### Assigned task:
Whenever a line carries the word "space", pull it out of the entries.

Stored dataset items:
____________________

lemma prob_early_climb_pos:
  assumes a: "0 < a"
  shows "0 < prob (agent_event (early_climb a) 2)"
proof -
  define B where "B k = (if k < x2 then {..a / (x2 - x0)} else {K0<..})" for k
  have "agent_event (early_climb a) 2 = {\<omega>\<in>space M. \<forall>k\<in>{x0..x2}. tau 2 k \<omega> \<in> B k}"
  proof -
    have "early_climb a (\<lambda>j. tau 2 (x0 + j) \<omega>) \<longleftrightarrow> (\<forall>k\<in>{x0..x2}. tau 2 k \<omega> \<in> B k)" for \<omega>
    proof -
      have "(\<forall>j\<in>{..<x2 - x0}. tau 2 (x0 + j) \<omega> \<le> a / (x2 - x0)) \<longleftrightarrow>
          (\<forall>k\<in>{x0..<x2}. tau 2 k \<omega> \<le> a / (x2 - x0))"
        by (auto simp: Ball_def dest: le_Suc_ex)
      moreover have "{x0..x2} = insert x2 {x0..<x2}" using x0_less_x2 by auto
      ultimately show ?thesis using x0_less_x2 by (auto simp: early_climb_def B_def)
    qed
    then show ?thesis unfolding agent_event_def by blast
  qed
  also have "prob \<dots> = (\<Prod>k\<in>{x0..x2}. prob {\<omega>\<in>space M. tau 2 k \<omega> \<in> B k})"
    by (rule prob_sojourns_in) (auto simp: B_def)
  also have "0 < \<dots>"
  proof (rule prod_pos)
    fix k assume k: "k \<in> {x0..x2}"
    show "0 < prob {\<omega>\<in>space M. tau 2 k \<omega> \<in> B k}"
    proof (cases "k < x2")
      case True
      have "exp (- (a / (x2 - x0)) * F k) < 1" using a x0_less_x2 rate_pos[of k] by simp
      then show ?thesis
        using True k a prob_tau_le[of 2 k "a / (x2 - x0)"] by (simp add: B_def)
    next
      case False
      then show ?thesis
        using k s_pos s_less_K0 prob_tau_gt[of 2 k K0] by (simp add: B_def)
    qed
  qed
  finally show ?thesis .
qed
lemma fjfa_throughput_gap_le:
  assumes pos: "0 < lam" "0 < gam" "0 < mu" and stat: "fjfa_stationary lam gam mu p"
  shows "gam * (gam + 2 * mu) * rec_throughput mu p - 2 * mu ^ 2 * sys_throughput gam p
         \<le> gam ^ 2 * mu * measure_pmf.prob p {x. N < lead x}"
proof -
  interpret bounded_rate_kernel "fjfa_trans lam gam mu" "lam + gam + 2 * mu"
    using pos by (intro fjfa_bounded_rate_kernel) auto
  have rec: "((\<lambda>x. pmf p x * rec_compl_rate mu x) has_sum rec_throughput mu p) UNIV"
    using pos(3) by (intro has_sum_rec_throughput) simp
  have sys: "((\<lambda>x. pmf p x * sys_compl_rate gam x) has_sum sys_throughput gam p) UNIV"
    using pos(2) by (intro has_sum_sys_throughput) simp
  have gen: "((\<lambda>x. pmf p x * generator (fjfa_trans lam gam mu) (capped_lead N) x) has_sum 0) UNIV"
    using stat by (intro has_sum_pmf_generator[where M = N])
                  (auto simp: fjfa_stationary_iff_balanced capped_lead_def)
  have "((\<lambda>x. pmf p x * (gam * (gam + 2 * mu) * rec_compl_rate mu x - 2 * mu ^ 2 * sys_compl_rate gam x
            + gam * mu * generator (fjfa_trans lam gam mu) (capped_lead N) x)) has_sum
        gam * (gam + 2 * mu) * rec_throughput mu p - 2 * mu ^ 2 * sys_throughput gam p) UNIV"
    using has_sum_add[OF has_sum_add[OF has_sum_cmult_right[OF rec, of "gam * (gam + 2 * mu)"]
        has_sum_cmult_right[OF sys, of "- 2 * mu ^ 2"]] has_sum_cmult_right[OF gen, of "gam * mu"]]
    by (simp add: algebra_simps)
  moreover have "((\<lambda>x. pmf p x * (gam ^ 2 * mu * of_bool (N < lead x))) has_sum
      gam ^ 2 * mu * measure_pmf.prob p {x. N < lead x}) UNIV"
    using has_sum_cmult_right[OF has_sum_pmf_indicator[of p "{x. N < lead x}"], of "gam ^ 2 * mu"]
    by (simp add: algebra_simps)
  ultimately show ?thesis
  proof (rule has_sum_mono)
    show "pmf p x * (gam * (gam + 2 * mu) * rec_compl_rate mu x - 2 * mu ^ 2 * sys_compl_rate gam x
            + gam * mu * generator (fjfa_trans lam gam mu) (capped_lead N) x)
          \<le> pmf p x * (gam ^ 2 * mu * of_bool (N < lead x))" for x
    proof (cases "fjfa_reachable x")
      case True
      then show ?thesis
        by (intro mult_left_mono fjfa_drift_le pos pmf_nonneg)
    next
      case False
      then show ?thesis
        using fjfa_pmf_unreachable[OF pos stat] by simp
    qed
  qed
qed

____________________

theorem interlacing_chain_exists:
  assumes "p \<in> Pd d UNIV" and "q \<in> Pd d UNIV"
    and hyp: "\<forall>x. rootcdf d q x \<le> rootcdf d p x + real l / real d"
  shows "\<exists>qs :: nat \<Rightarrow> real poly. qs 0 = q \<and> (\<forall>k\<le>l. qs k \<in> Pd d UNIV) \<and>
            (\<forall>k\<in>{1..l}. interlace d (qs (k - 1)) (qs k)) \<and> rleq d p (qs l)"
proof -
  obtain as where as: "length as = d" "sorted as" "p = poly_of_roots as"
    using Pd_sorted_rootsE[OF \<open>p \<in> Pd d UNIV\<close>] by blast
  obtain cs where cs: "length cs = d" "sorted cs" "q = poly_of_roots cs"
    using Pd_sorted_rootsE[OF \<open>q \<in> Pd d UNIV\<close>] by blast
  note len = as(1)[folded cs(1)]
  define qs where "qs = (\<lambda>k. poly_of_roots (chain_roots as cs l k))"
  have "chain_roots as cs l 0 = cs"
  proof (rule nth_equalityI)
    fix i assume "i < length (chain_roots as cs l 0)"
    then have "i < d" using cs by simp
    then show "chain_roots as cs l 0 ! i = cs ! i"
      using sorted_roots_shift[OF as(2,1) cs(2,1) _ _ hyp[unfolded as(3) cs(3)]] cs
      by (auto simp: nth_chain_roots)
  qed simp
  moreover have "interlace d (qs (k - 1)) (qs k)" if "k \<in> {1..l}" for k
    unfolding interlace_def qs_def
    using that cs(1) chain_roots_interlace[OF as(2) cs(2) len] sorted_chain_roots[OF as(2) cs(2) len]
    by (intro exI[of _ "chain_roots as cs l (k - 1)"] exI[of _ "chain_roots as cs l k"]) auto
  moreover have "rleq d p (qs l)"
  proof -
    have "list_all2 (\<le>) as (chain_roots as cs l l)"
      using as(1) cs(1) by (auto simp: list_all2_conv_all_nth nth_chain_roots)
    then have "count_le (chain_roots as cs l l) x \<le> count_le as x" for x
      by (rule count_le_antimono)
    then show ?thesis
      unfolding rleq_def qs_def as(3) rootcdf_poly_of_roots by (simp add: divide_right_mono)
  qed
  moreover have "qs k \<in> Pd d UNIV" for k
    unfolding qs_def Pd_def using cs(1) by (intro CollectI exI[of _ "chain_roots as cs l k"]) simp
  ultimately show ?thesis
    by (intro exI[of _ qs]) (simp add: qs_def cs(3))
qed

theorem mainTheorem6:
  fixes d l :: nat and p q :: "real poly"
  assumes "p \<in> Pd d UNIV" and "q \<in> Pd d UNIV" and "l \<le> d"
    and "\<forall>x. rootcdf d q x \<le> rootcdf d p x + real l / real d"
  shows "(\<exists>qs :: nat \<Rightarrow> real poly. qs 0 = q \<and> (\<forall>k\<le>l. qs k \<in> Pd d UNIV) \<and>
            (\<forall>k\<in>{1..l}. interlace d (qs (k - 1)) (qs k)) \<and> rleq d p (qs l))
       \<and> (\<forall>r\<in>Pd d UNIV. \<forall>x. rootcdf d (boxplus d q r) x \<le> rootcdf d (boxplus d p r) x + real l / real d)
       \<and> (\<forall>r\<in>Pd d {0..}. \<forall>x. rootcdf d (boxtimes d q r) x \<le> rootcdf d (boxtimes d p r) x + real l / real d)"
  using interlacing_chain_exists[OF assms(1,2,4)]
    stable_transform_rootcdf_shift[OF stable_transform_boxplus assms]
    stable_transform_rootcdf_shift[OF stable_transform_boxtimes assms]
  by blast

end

____________________

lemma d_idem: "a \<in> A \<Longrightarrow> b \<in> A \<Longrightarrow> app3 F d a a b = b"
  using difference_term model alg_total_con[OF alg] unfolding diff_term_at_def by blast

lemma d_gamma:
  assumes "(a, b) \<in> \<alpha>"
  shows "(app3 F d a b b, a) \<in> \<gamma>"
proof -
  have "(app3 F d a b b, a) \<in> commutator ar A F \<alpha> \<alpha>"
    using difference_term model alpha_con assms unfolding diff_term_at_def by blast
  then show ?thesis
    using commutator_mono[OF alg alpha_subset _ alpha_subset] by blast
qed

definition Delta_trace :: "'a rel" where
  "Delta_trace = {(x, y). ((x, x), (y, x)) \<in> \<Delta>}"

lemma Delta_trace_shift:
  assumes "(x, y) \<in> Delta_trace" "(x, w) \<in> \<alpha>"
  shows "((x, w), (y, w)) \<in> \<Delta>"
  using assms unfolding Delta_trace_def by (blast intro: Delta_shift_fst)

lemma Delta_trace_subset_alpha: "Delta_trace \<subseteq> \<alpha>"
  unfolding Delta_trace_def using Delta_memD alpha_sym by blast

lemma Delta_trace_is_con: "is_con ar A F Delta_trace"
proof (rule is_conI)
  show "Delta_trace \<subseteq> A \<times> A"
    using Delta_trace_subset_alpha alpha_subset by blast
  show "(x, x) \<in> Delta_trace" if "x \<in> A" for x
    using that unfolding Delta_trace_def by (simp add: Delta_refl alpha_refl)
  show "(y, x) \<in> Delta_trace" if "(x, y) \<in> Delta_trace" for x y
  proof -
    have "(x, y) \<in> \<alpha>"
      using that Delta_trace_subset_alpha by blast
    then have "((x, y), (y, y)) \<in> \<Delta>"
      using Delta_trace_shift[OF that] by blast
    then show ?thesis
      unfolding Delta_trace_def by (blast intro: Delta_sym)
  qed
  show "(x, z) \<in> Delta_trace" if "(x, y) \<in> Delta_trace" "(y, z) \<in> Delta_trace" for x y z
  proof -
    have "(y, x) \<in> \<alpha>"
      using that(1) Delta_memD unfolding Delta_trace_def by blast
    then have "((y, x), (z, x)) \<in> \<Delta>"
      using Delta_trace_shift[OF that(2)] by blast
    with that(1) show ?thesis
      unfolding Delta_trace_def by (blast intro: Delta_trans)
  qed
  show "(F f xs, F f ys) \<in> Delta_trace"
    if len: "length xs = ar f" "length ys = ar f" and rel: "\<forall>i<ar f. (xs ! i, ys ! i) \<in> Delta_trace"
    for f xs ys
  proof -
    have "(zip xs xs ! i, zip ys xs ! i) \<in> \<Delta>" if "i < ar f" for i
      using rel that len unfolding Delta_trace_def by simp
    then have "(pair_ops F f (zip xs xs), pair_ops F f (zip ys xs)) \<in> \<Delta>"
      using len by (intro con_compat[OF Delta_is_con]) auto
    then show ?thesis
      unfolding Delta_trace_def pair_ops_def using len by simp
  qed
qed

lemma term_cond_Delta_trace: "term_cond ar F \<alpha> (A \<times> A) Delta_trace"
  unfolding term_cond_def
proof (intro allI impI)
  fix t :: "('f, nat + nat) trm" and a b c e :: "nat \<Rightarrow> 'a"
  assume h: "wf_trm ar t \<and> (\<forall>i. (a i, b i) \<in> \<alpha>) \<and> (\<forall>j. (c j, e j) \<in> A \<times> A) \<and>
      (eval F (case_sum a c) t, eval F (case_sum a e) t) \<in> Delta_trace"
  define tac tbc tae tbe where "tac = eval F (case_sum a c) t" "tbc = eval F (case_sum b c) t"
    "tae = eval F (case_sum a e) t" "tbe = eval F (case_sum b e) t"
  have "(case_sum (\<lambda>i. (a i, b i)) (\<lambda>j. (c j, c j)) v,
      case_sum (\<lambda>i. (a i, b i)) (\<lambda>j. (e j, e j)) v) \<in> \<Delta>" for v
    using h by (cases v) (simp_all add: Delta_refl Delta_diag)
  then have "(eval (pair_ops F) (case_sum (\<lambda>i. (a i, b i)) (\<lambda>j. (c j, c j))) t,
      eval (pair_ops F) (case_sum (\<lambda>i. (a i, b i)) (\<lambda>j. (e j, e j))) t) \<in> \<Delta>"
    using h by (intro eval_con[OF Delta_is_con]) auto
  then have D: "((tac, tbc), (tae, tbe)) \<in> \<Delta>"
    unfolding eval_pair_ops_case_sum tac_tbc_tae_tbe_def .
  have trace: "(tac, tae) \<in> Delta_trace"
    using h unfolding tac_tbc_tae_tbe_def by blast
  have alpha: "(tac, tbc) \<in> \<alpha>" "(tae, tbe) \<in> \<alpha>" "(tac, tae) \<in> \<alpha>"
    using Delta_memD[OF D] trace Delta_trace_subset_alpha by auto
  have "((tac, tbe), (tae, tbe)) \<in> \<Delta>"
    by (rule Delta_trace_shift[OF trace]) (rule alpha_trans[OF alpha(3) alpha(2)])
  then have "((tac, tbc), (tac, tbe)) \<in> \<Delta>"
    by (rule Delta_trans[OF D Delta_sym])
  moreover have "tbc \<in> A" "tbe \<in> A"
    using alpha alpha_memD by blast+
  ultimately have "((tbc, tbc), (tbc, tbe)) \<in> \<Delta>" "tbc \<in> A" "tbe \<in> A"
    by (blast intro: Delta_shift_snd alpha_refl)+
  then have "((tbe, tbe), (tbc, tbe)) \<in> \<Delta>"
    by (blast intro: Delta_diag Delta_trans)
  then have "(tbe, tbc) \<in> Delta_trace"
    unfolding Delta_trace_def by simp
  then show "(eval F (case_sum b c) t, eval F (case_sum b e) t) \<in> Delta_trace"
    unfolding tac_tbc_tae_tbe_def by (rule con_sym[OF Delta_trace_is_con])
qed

____________________

### Answer to this exercise:
  have "agent_event (early_climb a) 2 = {\<omega>\<in>space M. \<forall>k\<in>{x0..x2}. tau 2 k \<omega> \<in> B k}"
  also have "prob \<dots> = (\<Prod>k\<in>{x0..x2}. prob {\<omega>\<in>space M. tau 2 k \<omega> \<in> B k})"
    show "0 < prob {\<omega>\<in>space M. tau 2 k \<omega> \<in> B k}"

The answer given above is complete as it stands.